EFFECTIVE DATE: November 21, 1997.
FOR FURTHER INFORMATION CONTACT: Jeffrey M. Gilbert, Center for
Veterinary Medicine (HFV-128), Food and Drug Administration, 7500
Standish Pl., Rockville, MD 20855, 301-594-1602.
SUPPLEMENTARY INFORMATION: Alpharma Inc., One Executive Dr., P.O. Box
1399, Fort Lee, NJ 07024, is sponsor of ANADA 200-207 that provides for
combining approved clopidol, bacitracin zinc, and roxarsone Type A
medicated articles to make Type C medicated feeds for broilers
containing clopidol 113.5 grams per ton (g/t) and bacitracin zinc 4 to
25 g/t with roxarsone 45.4 g/t. The Type C medicated feed is used as an
aid in the prevention of coccidiosis caused by Eimeria tenella, E.
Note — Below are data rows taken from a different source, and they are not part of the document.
lemma ratio_diag_geometric:
  assumes "s \<ge> 1" "0 < mpow P s i i"
  obtains c where "0 < c" "\<And>u. u \<ge> 1 \<Longrightarrow> 0 < mpow P u i i \<Longrightarrow> ratio u i i = c ^ u"
proof
  define c where "c = root s (ratio s i i)"
  have rs: "0 < ratio s i i" by (rule ratio_pos[OF assms])
  then show "0 < c" using assms(1) by (simp add: c_def)
  have cs: "c ^ s = ratio s i i" using rs assms(1) by (simp add: c_def)
  fix u assume u: "u \<ge> 1" "0 < mpow P u i i"
  have "ratio u i i ^ s = ratio (s * u) i i"
    using ratio_diag_power[OF u assms(1)] by simp
  also have "\<dots> = ratio s i i ^ u"
    using ratio_diag_power[OF assms u(1)] by (simp add: mult.commute)
  also have "\<dots> = (c ^ u) ^ s"
    by (simp add: cs[symmetric] power_mult[symmetric] mult.commute)
  finally show "ratio u i i = c ^ u"
    using power_eq_imp_eq_base[of "ratio u i i" s "c ^ u"] ratio_pos[OF u] \<open>0 < c\<close> assms(1) by simp
qed

lemma ratio_diag:
  assumes "n \<ge> 1" "0 < mpow P n i i"
  shows "ratio n i i = 1"
proof -
  obtain c where c: "0 < c" "\<And>u. u \<ge> 1 \<Longrightarrow> 0 < mpow P u i i \<Longrightarrow> ratio u i i = c ^ u"
    using ratio_diag_geometric[OF assms] by blast
  note P_bound = mpow_le_1[OF stochastic_P, of "Suc u" i i for u]
    and Q_bound = mpow_le_1[OF stochastic_Q, of "Suc u" i i for u]
    and P_nonneg = mpow_nonneg[OF stochastic_P, of "Suc u" i i for u]
    and Q_nonneg = mpow_nonneg[OF stochastic_Q, of "Suc u" i i for u]
  have "\<not> c < 1"
  proof
    assume "c < 1"
    have "mpow Q (Suc u) i i \<le> c ^ Suc u" for u
      using P_bound[of u] P_nonneg[of u] Q_nonneg[of u] mpow_Q_eq[of "Suc u" i i] c
        mpow_pos_iff[of "Suc u" i i] mult_left_le[of "mpow P (Suc u) i i" "c ^ Suc u"]
      by (cases "0 < mpow P (Suc u) i i") auto
    then have "summable (\<lambda>u. mpow Q (Suc u) i i)"
      using \<open>c < 1\<close> c(1) Q_nonneg
      by (intro summable_Suc_geometric_dominated[where f = "\<lambda>u. mpow Q u i i" and c = c]) auto
    then show False
      using recurrent_Q unfolding recurrent_def by blast
  qed
  moreover have "\<not> c > 1"
  proof
    assume "c > 1"
    have "mpow P (Suc u) i i \<le> (1 / c) ^ Suc u" for u
    proof (cases "0 < mpow P (Suc u) i i")
      case True
      then have "mpow P (Suc u) i i * c ^ Suc u = mpow Q (Suc u) i i"
        using mpow_Q_eq[of "Suc u" i i] c by simp
      then show ?thesis
        using Q_bound[of u] c(1) by (simp add: field_simps power_one_over)
    qed (use P_nonneg[of u] c(1) in auto)
    then have "summable (\<lambda>u. mpow P (Suc u) i i)"
      using \<open>c > 1\<close> P_nonneg
      by (intro summable_Suc_geometric_dominated[where f = "\<lambda>u. mpow P u i i" and c = "1 / c"]) auto
    then show False
      using recurrent_P unfolding recurrent_def by blast
  qed
  ultimately show ?thesis
    using c(2)[OF assms] by simp
qed

text \<open>Since \<open>P\<^sup>t\<^sub>i\<^sub>j \<cdot> min (ratio t i j) 1 = min P\<^sup>t\<^sub>i\<^sub>j Q\<^sup>t\<^sub>i\<^sub>j\<close>, \<open>lyapunov i t\<close> is the common mass
  of the \<open>i\<close>-th rows of \<open>P\<^sup>t\<close> and \<open>Q\<^sup>t\<close>, and \<open>defect i\<close> is the total variation distance
  between the \<open>i\<close>-th rows of \<open>P\<close> and \<open>Q\<close>.\<close>
definition lyapunov :: "'a \<Rightarrow> nat \<Rightarrow> real" where
  "lyapunov i t = (\<Sum>\<^sub>\<infinity>j. mpow P t i j * min (ratio t i j) 1)"

definition defect :: "'a \<Rightarrow> real" where
  "defect i = 1 - (\<Sum>\<^sub>\<infinity>k. P i k * min (ratio 1 i k) 1)"

lemma min_ratio_unit_interval: "0 \<le> min (ratio t i j) 1" "min (ratio t i j) 1 \<le> 1"
  using ratio_nonneg by auto

lemma row_min_ratio_le:
  assumes "t \<ge> 1" "0 < mpow P t i j"
  shows "(\<Sum>\<^sub>\<infinity>k. P j k * min (ratio (Suc t) i k) 1) \<le> min (ratio t i j) 1"
proof -
  note row = stochastic_row_mult_unit_interval[OF stochastic_P min_ratio_unit_interval]
  have "(\<Sum>\<^sub>\<infinity>k. P j k * min (ratio (Suc t) i k) 1) \<le> (\<Sum>\<^sub>\<infinity>k. ratio t i j * Q j k)"
  proof (rule infsum_mono[OF row(1)])
    show "(\<lambda>k. ratio t i j * Q j k) summable_on UNIV"
      by (rule summable_on_cmult_right[OF has_sum_imp_summable[OF stochastic_row_has_sum[OF stochastic_Q]]])
    show "P j k * min (ratio (Suc t) i k) 1 \<le> ratio t i j * Q j k" for k
    proof (cases "0 < P j k")
      case True
      then have "ratio (Suc t) i k = ratio t i j * ratio 1 j k"
        using ratio_add[OF assms(1) _ assms(2), of 1 k] by simp
      then have "P j k * min (ratio (Suc t) i k) 1 \<le> P j k * (ratio t i j * ratio 1 j k)"
        using True by (intro mult_left_mono) auto
      then show ?thesis
        using Q_eq[of j k] by (simp add: algebra_simps)
    next
      case False
      then show ?thesis
        using stochastic_nonneg[OF stochastic_P, of j k] stochastic_nonneg[OF stochastic_Q, of j k]
          ratio_nonneg[of t i j] by simp
    qed
  qed
  also have "\<dots> = ratio t i j"
    using infsumI[OF stochastic_row_has_sum[OF stochastic_Q]] by (simp add: infsum_cmult_right')
  finally show ?thesis
    using row(3) by simp
qed

lemma row_min_ratio_diag:
  assumes "t \<ge> 1" "0 < mpow P t i i"
  shows "(\<Sum>\<^sub>\<infinity>k. P i k * min (ratio (Suc t) i k) 1) = 1 - defect i"
proof -
  have "P i k * min (ratio (Suc t) i k) 1 = P i k * min (ratio 1 i k) 1" for k
  proof (cases "0 < P i k")
    case True
    then show ?thesis
      using ratio_add[OF assms(1) _ assms(2), of 1 k] ratio_diag[OF assms] by simp
  qed (use stochastic_nonneg[OF stochastic_P, of i k] in simp)
  then have "(\<lambda>k. P i k * min (ratio (Suc t) i k) 1) = (\<lambda>k. P i k * min (ratio 1 i k) 1)"
    by (rule ext)
  then show ?thesis
    unfolding defect_def by simp
qed

lemma lyapunov_step_term:
  assumes "t \<ge> 1"
  shows "mpow P t i j * (\<Sum>\<^sub>\<infinity>k. P j k * min (ratio (Suc t) i k) 1)
      + (if j = i then mpow P t i i * defect i else 0) \<le> mpow P t i j * min (ratio t i j) 1"
proof (cases "0 < mpow P t i j")
  case True
  show ?thesis
  proof (cases "j = i")
    case True
    with \<open>0 < mpow P t i j\<close> have "0 < mpow P t i i" by simp
    from row_min_ratio_diag[OF assms this] ratio_diag[OF assms this] True show ?thesis
      by (simp add: right_diff_distrib)
  next
    case False
    then show ?thesis
      using row_min_ratio_le[OF assms True] True by (simp add: mult_left_mono)
  qed
next
  case False
  then show ?thesis
    using mpow_nonneg[OF stochastic_P, of t i j] by auto
qed

lemma lyapunov_step:
  assumes "t \<ge> 1"
  shows "lyapunov i (Suc t) + mpow P t i i * defect i \<le> lyapunov i t"
proof -
  define row where "row j = (\<Sum>\<^sub>\<infinity>k. P j k * min (ratio (Suc t) i k) 1)" for j
  define peak where "peak j = (if j = i then mpow P t i i * defect i else 0)" for j
  note mpow_row = has_sum_imp_summable[OF mpow_row_has_sum[OF stochastic_P]]
  note assoc = stochastic_infsum_assoc[OF stochastic_P mpow_row mpow_nonneg[OF stochastic_P]
      min_ratio_unit_interval]
  have rows: "(\<lambda>j. mpow P t i j * row j) summable_on UNIV"
    unfolding row_def
    by (rule summable_on_mult_unit_interval[OF mpow_row])
       (use mpow_nonneg[OF stochastic_P]
          stochastic_row_mult_unit_interval[OF stochastic_P min_ratio_unit_interval] in auto)
  have peak: "(peak has_sum mpow P t i i * defect i) UNIV"
    unfolding peak_def by (rule has_sum_single_point)
  have "lyapunov i (Suc t) + mpow P t i i * defect i = (\<Sum>\<^sub>\<infinity>j. mpow P t i j * row j) + infsum peak UNIV"
    unfolding lyapunov_def row_def using assoc(2) infsumI[OF peak] by (simp add: mpow.simps(2))
  also have "\<dots> = (\<Sum>\<^sub>\<infinity>j. mpow P t i j * row j + peak j)"
    by (rule infsum_add[OF rows has_sum_imp_summable[OF peak], symmetric])
  also have "\<dots> \<le> lyapunov i t"
    unfolding lyapunov_def
  proof (rule infsum_mono[OF summable_on_add[OF rows has_sum_imp_summable[OF peak]]])
    show "(\<lambda>j. mpow P t i j * min (ratio t i j) 1) summable_on UNIV"
      by (rule summable_on_mult_unit_interval[OF mpow_row])
         (use mpow_nonneg[OF stochastic_P] min_ratio_unit_interval in auto)
    show "mpow P t i j * row j + peak j \<le> mpow P t i j * min (ratio t i j) 1" for j
      unfolding row_def peak_def by (rule lyapunov_step_term[OF assms])
  qed
  finally show ?thesis .
qed
(* Let $m\in\{1,2\}$, $\gamma\in(1,2]$ and $z\in[z_m,z_M]$, and set $k=k(\gamma,z)=-\frac{(1+V_6)^2}{V_6}$ and $B_k(V)=\sqrt{-kV}$. If $\bar V\in(V_1,V_6)$ and $\bar C>B_k(\bar V)$, then the solution of $\frac{dC}{dV}=\frac FG$ on $[V_1,\bar V]$ with $C(\bar V)=\bar C$ satisfies $C(V)>B_k(V)$ for all $V\in[V_1,\bar V]$. Moreover, for every $z\in[z_g,z_M]$, the solution $C(\cdot;\gamma,z,P_6)$ satisfies $C(V;\gamma,z,P_6)>B_k(V)$ for all $V\in[V_1,V_6)$.
   Context: Fix $m\in\{1,2\}$. For $z>0$ put $\lambda=1+m\gamma z$, $a_1=1+\frac{m(\gamma-1)}{2}$, $a_2=\frac{m(\gamma-1)+mz\gamma(\gamma-3)}{2}$, $a_3=\frac{mz\gamma(\gamma-1)}{2}$, $G(V,C;\gamma,z)=C^2[(m+1)V+2mz]-V(1+V)(\lambda+V)$, $F(V,C;\gamma,z)=C\{C^2[1+\frac{mz}{1+V}]-a_1(1+V)^2+a_2(1+V)-a_3\}$; ODE $\frac{dC}{dV}=\frac FG$. $V_1=-\frac2{\gamma+1}$. $z_M=(\sqrt\gamma+\sqrt2)^{-2}$, $z_m=\frac{\gamma-1}{(2\gamma-1)(\gamma+1)}$, $w(z)=\sqrt{1-2(\gamma+2)z+(\gamma-2)^2z^2}$, $V_6=\frac{-1+(\gamma-2)z-w}{2}$, $C_6=1+V_6$, $P_6=(V_6,C_6)$. $z_g$: for $\gamma\in(1,2]$ the value of $z$ with $V_6(z)=\frac{-2(1+m\gamma z)}{\gamma+1+m(\gamma-1)}$; explicitly $z_g=\frac{\sqrt{\gamma^2+(\gamma-1)^2}-\gamma}{\gamma(\gamma-1)}$ ($m=1$), $z_g=\frac{\sqrt{(2\gamma^2-\gamma+1)^2+2\gamma(\gamma-1)[4\gamma(\gamma-1)+8/3]}-(2\gamma^2-\gamma+1)}{\gamma[4\gamma(\gamma-1)+8/3]}$ ($m=2$). For $z\in[z_m,z_M]$, $C(\cdot;\gamma,z,P_6):[V_1,V_6]\to(0,\infty)$ is the real-analytic solution of the ODE near $V_6$ with $C(V_6)=C_6$ and $C'(V_6)$ equal to the unique negative root $c_1$ of $-G_Cc^2+(F_C-G_V)c+F_V=0$ (partials at $P_6$), continued to $[V_1,V_6]$. *)

theory Defs
  imports "HOL-Analysis.Analysis"
begin

definition lam :: "nat \<Rightarrow> real \<Rightarrow> real \<Rightarrow> real" where
  "lam m g z = 1 + real m * g * z"

definition a1 :: "nat \<Rightarrow> real \<Rightarrow> real" where
  "a1 m g = 1 + real m * (g - 1) / 2"

definition a2 :: "nat \<Rightarrow> real \<Rightarrow> real \<Rightarrow> real" where
  "a2 m g z = (real m * (g - 1) + real m * z * g * (g - 3)) / 2"

definition a3 :: "nat \<Rightarrow> real \<Rightarrow> real \<Rightarrow> real" where
  "a3 m g z = real m * z * g * (g - 1) / 2"

definition GG :: "nat \<Rightarrow> real \<Rightarrow> real \<Rightarrow> real \<Rightarrow> real \<Rightarrow> real" where
  "GG m g z V C = C\<^sup>2 * ((real m + 1) * V + 2 * real m * z) - V * (1 + V) * (lam m g z + V)"

definition FF :: "nat \<Rightarrow> real \<Rightarrow> real \<Rightarrow> real \<Rightarrow> real \<Rightarrow> real" where
  "FF m g z V C = C * (C\<^sup>2 * (1 + real m * z / (1 + V)) - a1 m g * (1 + V)\<^sup>2
                       + a2 m g z * (1 + V) - a3 m g z)"

definition V1 :: "real \<Rightarrow> real" where
  "V1 g = - 2 / (g + 1)"

definition zM :: "real \<Rightarrow> real" where
  "zM g = 1 / (sqrt g + sqrt 2)\<^sup>2"

definition zm :: "real \<Rightarrow> real" where
  "zm g = (g - 1) / ((2 * g - 1) * (g + 1))"

definition ww :: "real \<Rightarrow> real \<Rightarrow> real" where
  "ww g z = sqrt (1 - 2 * (g + 2) * z + (g - 2)\<^sup>2 * z\<^sup>2)"

definition V6 :: "real \<Rightarrow> real \<Rightarrow> real" where
  "V6 g z = (-1 + (g - 2) * z - ww g z) / 2"

definition C6 :: "real \<Rightarrow> real \<Rightarrow> real" where
  "C6 g z = 1 + V6 g z"

definition zg :: "nat \<Rightarrow> real \<Rightarrow> real" where
  "zg m g = (if m = 1 then (sqrt (g\<^sup>2 + (g - 1)\<^sup>2) - g) / (g * (g - 1))
     else (sqrt ((2 * g\<^sup>2 - g + 1)\<^sup>2 + 2 * g * (g - 1) * (4 * g * (g - 1) + 8 / 3))
             - (2 * g\<^sup>2 - g + 1)) / (g * (4 * g * (g - 1) + 8 / 3)))"

definition kk :: "real \<Rightarrow> real \<Rightarrow> real" where
  "kk g z = - (1 + V6 g z)\<^sup>2 / V6 g z"

definition Bk :: "real \<Rightarrow> real \<Rightarrow> real \<Rightarrow> real" where
  "Bk g z V = sqrt (- kk g z * V)"

definition solves_ODE_on :: "nat \<Rightarrow> real \<Rightarrow> real \<Rightarrow> (real \<Rightarrow> real) \<Rightarrow> real set \<Rightarrow> bool" where
  "solves_ODE_on m g z C S \<longleftrightarrow>
     (\<forall>V\<in>S. GG m g z V (C V) \<noteq> 0 \<and>
        (C has_real_derivative (FF m g z V (C V) / GG m g z V (C V))) (at V within S))"

definition is_c1 :: "nat \<Rightarrow> real \<Rightarrow> real \<Rightarrow> real \<Rightarrow> bool" where
  "is_c1 m g z c \<longleftrightarrow> c < 0 \<and>
     (let GC = deriv (\<lambda>C. GG m g z (V6 g z) C) (C6 g z);
          GV = deriv (\<lambda>V. GG m g z V (C6 g z)) (V6 g z);
          FC = deriv (\<lambda>C. FF m g z (V6 g z) C) (C6 g z);
          FV = deriv (\<lambda>V. FF m g z V (C6 g z)) (V6 g z)
      in - GC * c\<^sup>2 + (FC - GV) * c + FV = 0)"

definition analytic_left_at :: "(real \<Rightarrow> real) \<Rightarrow> real \<Rightarrow> bool" where
  "analytic_left_at C x0 \<longleftrightarrow>
     (\<exists>\<delta>>0. \<exists>a :: nat \<Rightarrow> real. \<forall>V\<in>{x0 - \<delta>..x0}. (\<lambda>n. a n * (V - x0) ^ n) sums C V)"

definition is_P6_solution :: "nat \<Rightarrow> real \<Rightarrow> real \<Rightarrow> (real \<Rightarrow> real) \<Rightarrow> bool" where
  "is_P6_solution m g z C \<longleftrightarrow>
     (\<forall>V\<in>{V1 g..V6 g z}. C V > 0) \<and>
     C (V6 g z) = C6 g z \<and>
     analytic_left_at C (V6 g z) \<and>
     (\<exists>c. is_c1 m g z c \<and> (C has_real_derivative c) (at (V6 g z) within {V1 g..V6 g z})) \<and>
     continuous_on {V1 g..V6 g z} C \<and>
     solves_ODE_on m g z C {V1 g..<V6 g z}"

end

theory Submission
  imports Defs
begin

text \<open>
  Along the barrier \<open>C = B(V) = sqrt (-k V)\<close> the ODE field is strictly flatter than the
  barrier: \<open>F/G < B'\<close> on \<open>[V\<^sub>1, V\<^sub>6)\<close>. Eliminating \<open>z\<close> by the quadratic equation
  defining \<open>V\<^sub>6\<close> and \<open>k\<close> by \<open>k V\<^sub>6 = -(1 + V\<^sub>6)\<^sup>2\<close>, the sign of \<open>F/G - B'\<close> becomes the sign of
  a quadratic polynomial in \<open>V\<close>, whose negativity reduces to polynomial certificates with
  nonnegative coefficients in \<open>\<gamma> - 1\<close>, \<open>(\<gamma> + 1) V\<^sub>6 + 2\<close> and \<open>-(\<gamma> + 1)(2 V\<^sub>6 + 1)\<close>.
  Hence a solution above the barrier at \<open>V\<close> stays above it to the left of \<open>V\<close>: at the largest
  point where it touches the barrier it would have to cross it downwards.
  The \<open>P\<^sub>6\<close> solution starts on the barrier, \<open>C(V\<^sub>6) = 1 + V\<^sub>6 = B(V\<^sub>6)\<close>, but its slope
  \<open>c\<^sub>1\<close> is smaller than \<open>B'(V\<^sub>6)\<close>, so it lies above the barrier just left of \<open>V\<^sub>6\<close> and the
  first part applies.
\<close>

lemma pos_on_Icc_if_downcrossing_zeros:
  fixes f :: "real \<Rightarrow> real"
  assumes cont: "continuous_on {a..b} f" and pos_b: "0 < f b"
    and down: "\<And>x. x \<in> {a..b} \<Longrightarrow> f x = 0 \<Longrightarrow> \<exists>f'<0. (f has_real_derivative f') (at x within {a..b})"
  shows "\<forall>x\<in>{a..b}. 0 < f x"
proof (rule ccontr)
  define T where "T = {a..b} \<inter> f -` {..0}"
  assume "\<not> (\<forall>x\<in>{a..b}. 0 < f x)"
  then have "T \<noteq> {}" unfolding T_def by force
  moreover have bdd: "bdd_above T" unfolding T_def by (meson bdd_above_Icc bdd_above_mono inf_le1)
  moreover have "closed T"
    unfolding T_def using cont by (intro continuous_closed_preimage) auto
  ultimately have "Sup T \<in> T" by (rule closed_contains_Sup)
  define v where "v = Sup T"
  have v: "v \<in> {a..b}" "f v \<le> 0" using \<open>Sup T \<in> T\<close> unfolding v_def T_def by auto
  have upper: "x \<le> v" if "x \<in> T" for x unfolding v_def using that bdd by (rule cSup_upper)
  have "v < b" using v pos_b by (cases "v = b") auto
  moreover have "continuous_on {v..b} f" using v by (auto intro: continuous_on_subset[OF cont])
  ultimately obtain x where x: "v \<le> x" "x \<le> b" "f x = 0"
    using IVT'[of f v 0 b] v pos_b by auto
  then have "x \<in> T" using v unfolding T_def by auto
  with x have "f v = 0" using upper by force
  then obtain f' where "f' < 0" and "(f has_real_derivative f') (at v within {a..b})"
    using down v by blast
  then obtain d where d: "0 < d" "\<And>h. 0 < h \<Longrightarrow> v + h \<in> {a..b} \<Longrightarrow> h < d \<Longrightarrow> f (v + h) < f v"
    using has_real_derivative_neg_dec_right by metis
  define h where "h = min (d / 2) (b - v)"
  have "0 < h" "v + h \<in> {a..b}" "h < d" using d \<open>v < b\<close> v unfolding h_def by auto
  then have "v + h \<in> T" using d(2) \<open>f v = 0\<close> unfolding T_def by fastforce
  then show False using upper \<open>0 < h\<close> by fastforce
qed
necatrix, E. acervulina, E. brunetti, E. mivati, and E. maxima, and for
increased rate of weight gain, improved feed efficiency, and improved
pigmentation.
Alpharma Inc.'s ANADA 200-207 is approved as a generic copy of
Rhone-Poulenc, Inc.'s NADA 44-016. The ANADA is approved as of November
21, 1997 and 21 CFR 558.175 is amended to reflect the approval. The
basis for approval is discussed in the freedom of information summary.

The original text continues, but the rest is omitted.